WHAT YOU NEED TO DO →
Print this span of the material below exactly: the line with "(\<forall>i < length p. idx", the line with "(* In the two-project", and every line between them, but nothing else.
--- AVAILABLE DATA Enclosed Below ---
(* Fix integers $k\ge 3$ and $r\ge 1$. For $n\ge 0$ let $c_n$ be the number of words on $[n]^r$ that avoid both $123$ and $1k(k-1)\cdots 2$. Then the sequence $(c_n)_{n\ge0}$ satisfies a linear recurrence with constant coefficients; equivalently, $\sum_{n\ge 0} c_n x^n$ is a rational function of $x$.
   Context: A word on $[n]^r$ is a word in which each letter $1,2,\dots,n$ appears exactly $r$ times and no other letter appears (for $r=1$ these are the permutations of $[n]$). A word $w_1\cdots w_m$ contains a pattern $p_1\cdots p_k$ if there are indices $i_1<\dots<i_k$ such that for all $r,s$: $w_{i_r}<w_{i_s}\iff p_r<p_s$ and $w_{i_r}>w_{i_s}\iff p_r>p_s$; otherwise it avoids it. The pattern $1k(k-1)\cdots 2$ is $1$ followed by $k,k-1,\dots,2$. *)

theory Defs
  imports Complex_Main
begin

definition is_word_on :: "nat \<Rightarrow> nat \<Rightarrow> nat list \<Rightarrow> bool" where
  "is_word_on n r w \<longleftrightarrow> set w \<subseteq> {1..n} \<and> (\<forall>a\<in>{1..n}. count_list w a = r)"

definition contains_pattern :: "nat list \<Rightarrow> nat list \<Rightarrow> bool" where
  "contains_pattern w p \<longleftrightarrow>
     (\<exists>idx :: nat \<Rightarrow> nat.
        (\<forall>i j. i < j \<and> j < length p \<longrightarrow> idx i < idx j) \<and>
        (\<forall>i < length p. idx i < length w) \<and>
        (\<forall>i < length p. \<forall>j < length p.
            (w ! idx i < w ! idx j \<longleftrightarrow> p ! i < p ! j) \<and>
            (w ! idx i > w ! idx j \<longleftrightarrow> p ! i > p ! j)))"

definition avoids_pattern :: "nat list \<Rightarrow> nat list \<Rightarrow> bool" where
  "avoids_pattern w p \<longleftrightarrow> \<not> contains_pattern w p"

definition pat_1_k_down :: "nat \<Rightarrow> nat list" where
  "pat_1_k_down k = 1 # rev [2..<k+1]"

definition count_avoiders :: "nat \<Rightarrow> nat \<Rightarrow> nat \<Rightarrow> nat" where
  "count_avoiders k r n = card {w. is_word_on n r w \<and> avoids_pattern w [1,2,3]
                                   \<and> avoids_pattern w (pat_1_k_down k)}"

end

theory Submission
  imports Defs "HOL-Library.Sublist" "Jordan_Normal_Form.Determinant"
begin
(* In the two-project discovery model described in the context, suppose the principal's payoff is $1$ if at least one project is approved (i.e., she proposes a nonempty set $S$ and it is approved) and $0$ otherwise, and suppose $\mu_1<\mu_2<0$. Then discovering the project $i$ satisfying $\sigma_i/\mu_i<\sigma_j/\mu_j$ (where $\{i,j\}=\{1,2\}$) is better than discovering project $j$, and discovering both project values is strictly better than discovering either project value individually.
   Context: Model. There are two projects $i\in\{1,2\}$. The agent's values $v=(v_1,v_2)\in\mathbb{R}^2$ are drawn from a common prior that is bivariate normal with means $\mu_1,\mu_2$, standard deviations $\sigma_1,\sigma_2>0$ and correlation $\rho\in(0,1)$. Timing: (1) the principal chooses which project values to publicly discover (project 1's value, project 2's value, or both); (2) the chosen values are publicly revealed and the agent forms a posterior by Bayes' rule; (3) knowing the revealed values, the principal proposes a subset $S\subseteq\{1,2\}$; (4) the agent approves iff $\sum_{i\in S}\mathbb{E}[v_i\mid\text{revealed information}]\ge 0$. The principal chooses the proposal to maximize her payoff given the revealed information, and one discovery rule is better than another if its ex-ante expected payoff is strictly higher. *)

theory Defs
  imports "HOL-Probability.Probability"
begin

definition binorm_pdf :: "real \<Rightarrow> real \<Rightarrow> real \<Rightarrow> real \<Rightarrow> real \<Rightarrow> real \<times> real \<Rightarrow> real" where
  "binorm_pdf mu1 mu2 s1 s2 r p =
     (let x = fst p; y = snd p;
          q = ((x - mu1) / s1)\<^sup>2 - 2 * r * ((x - mu1) / s1) * ((y - mu2) / s2) + ((y - mu2) / s2)\<^sup>2
      in exp (- q / (2 * (1 - r\<^sup>2))) / (2 * pi * s1 * s2 * sqrt (1 - r\<^sup>2)))"

definition prior :: "real \<Rightarrow> real \<Rightarrow> real \<Rightarrow> real \<Rightarrow> real \<Rightarrow> (real \<times> real) measure" where
  "prior mu1 mu2 s1 s2 r = density lborel (\<lambda>p. ennreal (binorm_pdf mu1 mu2 s1 s2 r p))"

datatype discovery = Disc1 | Disc2 | DiscBoth

text \<open>If only project 1's value x is revealed, the
  posterior density of v2 is proportional to the joint density at (x, y), so its mean is
  (\<integral> y f(x,y) dy) / (\<integral> f(x,y) dy); symmetrically for project 2.
  Projects are indexed by 1 and 2.\<close>

definition posterior_mean :: "real \<Rightarrow> real \<Rightarrow> real \<Rightarrow> real \<Rightarrow> real \<Rightarrow> discovery \<Rightarrow> real \<times> real \<Rightarrow> nat \<Rightarrow> real" where
  "posterior_mean mu1 mu2 s1 s2 r D v i =
     (let f = binorm_pdf mu1 mu2 s1 s2 r; x = fst v; y = snd v in
      case D of
        DiscBoth \<Rightarrow> (if i = 1 then x else y)
      | Disc1 \<Rightarrow> (if i = 1 then x
                 else (\<integral>t. t * f (x, t) \<partial>lborel) / (\<integral>t. f (x, t) \<partial>lborel))
      | Disc2 \<Rightarrow> (if i = 2 then y
                 else (\<integral>t. t * f (t, y) \<partial>lborel) / (\<integral>t. f (t, y) \<partial>lborel)))"

definition approves :: "nat set \<Rightarrow> (nat \<Rightarrow> real) \<Rightarrow> bool" where
  "approves S m \<longleftrightarrow> (\<Sum>i\<in>S. m i) \<ge> 0"

definition approval_payoff :: "nat set \<Rightarrow> bool \<Rightarrow> real" where
  "approval_payoff S a = (if S \<noteq> {} \<and> a then 1 else 0)"

definition principal_value :: "(nat set \<Rightarrow> bool \<Rightarrow> real) \<Rightarrow> (nat \<Rightarrow> real) \<Rightarrow> real" where
  "principal_value u m = Max ((\<lambda>S. u S (approves S m)) ` Pow {1, 2})"

definition ex_ante_payoff :: "real \<Rightarrow> real \<Rightarrow> real \<Rightarrow> real \<Rightarrow> real \<Rightarrow> discovery \<Rightarrow> real" where
  "ex_ante_payoff mu1 mu2 s1 s2 r D =
     (\<integral>v. principal_value approval_payoff (posterior_mean mu1 mu2 s1 s2 r D v)
        \<partial>(prior mu1 mu2 s1 s2 r))"

definition better :: "real \<Rightarrow> real \<Rightarrow> real \<Rightarrow> real \<Rightarrow> real \<Rightarrow> discovery \<Rightarrow> discovery \<Rightarrow> bool" where
  "better mu1 mu2 s1 s2 r D D' \<longleftrightarrow> ex_ante_payoff mu1 mu2 s1 s2 r D > ex_ante_payoff mu1 mu2 s1 s2 r D'"

end

theory Submission
  imports Defs
begin

text \<open>Once v1 is revealed, the agent's posterior mean of v2 is the regression value
  mu2 + r s2 / s1 (v1 - mu1), which vanishes at t = mu1 - mu2 s1 / (r s2). Since one approval
  suffices, discovering v1 wins iff v1 \<ge> min 0 t, so its ex-ante payoff is the standard normal
  tail beyond min (-mu1/s1) (-mu2/(r s2)); symmetrically for v2, and comparing the two
  thresholds decides between the single discoveries.

  Discovering both wins iff v1 \<ge> 0 or v2 \<ge> 0. Compared with discovering v1, it gains the
  region {v1 < min 0 t, v2 \<ge> 0} and loses {min 0 t \<le> v1 < 0, v2 < 0}. The loss region is
  empty unless t < 0, and then the point reflection through (t, 0) maps it into the gain region
  without decreasing the prior density: it negates the conditional mean of v2 and does not
  move v1 away from mu1 < t. A box of positive probability in the gain region is missed by the
  reflection, which makes the comparison strict.\<close>

lemma measurable_fst_borel[measurable]:
  "fst \<in> borel_measurable (borel :: ('a::topological_space \<times> 'b::topological_space) measure)"
  by (intro borel_measurable_continuous_onI continuous_intros)

lemma measurable_snd_borel[measurable]:
  "snd \<in> borel_measurable (borel :: ('a::topological_space \<times> 'b::topological_space) measure)"
  by (intro borel_measurable_continuous_onI continuous_intros)

lemma measurable_swap_borel[measurable]:
  "prod.swap \<in> borel_measurable (borel :: ('a::topological_space \<times> 'b::topological_space) measure)"
  by (intro borel_measurable_continuous_onI continuous_intros)

lemma distr_lborel_swap:
  "distr lborel borel prod.swap = (lborel :: ('a::euclidean_space \<times> 'b::euclidean_space) measure)"
proof -
  have "distr lborel borel prod.swap
      = distr (lborel \<Otimes>\<^sub>M lborel) (lborel \<Otimes>\<^sub>M lborel) (\<lambda>(x, y). (y, x))"
    by (intro distr_cong) (simp_all only: lborel_prod sets_lborel prod.swap_def split_beta)
  also have "\<dots> = lborel \<Otimes>\<^sub>M lborel"
    by (rule lborel_pair.distr_pair_swap[symmetric])
  also have "\<dots> = lborel"
    by (rule lborel_prod)
  finally show ?thesis .
qed

lemma distr_lborel_reflect: "distr lborel borel ((-) c) = (lborel :: 'a::euclidean_space measure)"
  using lborel_affine[of "-1" c] by (simp add: density_1)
--- End of Enclosed AVAILABLE DATA ---
RESULT OF THE TASK →
        (\<forall>i < length p. idx i < length w) \<and>
        (\<forall>i < length p. \<forall>j < length p.
            (w ! idx i < w ! idx j \<longleftrightarrow> p ! i < p ! j) \<and>
            (w ! idx i > w ! idx j \<longleftrightarrow> p ! i > p ! j)))"

definition avoids_pattern :: "nat list \<Rightarrow> nat list \<Rightarrow> bool" where
  "avoids_pattern w p \<longleftrightarrow> \<not> contains_pattern w p"

definition pat_1_k_down :: "nat \<Rightarrow> nat list" where
  "pat_1_k_down k = 1 # rev [2..<k+1]"

definition count_avoiders :: "nat \<Rightarrow> nat \<Rightarrow> nat \<Rightarrow> nat" where
  "count_avoiders k r n = card {w. is_word_on n r w \<and> avoids_pattern w [1,2,3]
                                   \<and> avoids_pattern w (pat_1_k_down k)}"

end

theory Submission
  imports Defs "HOL-Library.Sublist" "Jordan_Normal_Form.Determinant"
begin
(* In the two-project discovery model described in the context, suppose the principal's payoff is $1$ if at least one project is approved (i.e., she proposes a nonempty set $S$ and it is approved) and $0$ otherwise, and suppose $\mu_1<\mu_2<0$. Then discovering the project $i$ satisfying $\sigma_i/\mu_i<\sigma_j/\mu_j$ (where $\{i,j\}=\{1,2\}$) is better than discovering project $j$, and discovering both project values is strictly better than discovering either project value individually.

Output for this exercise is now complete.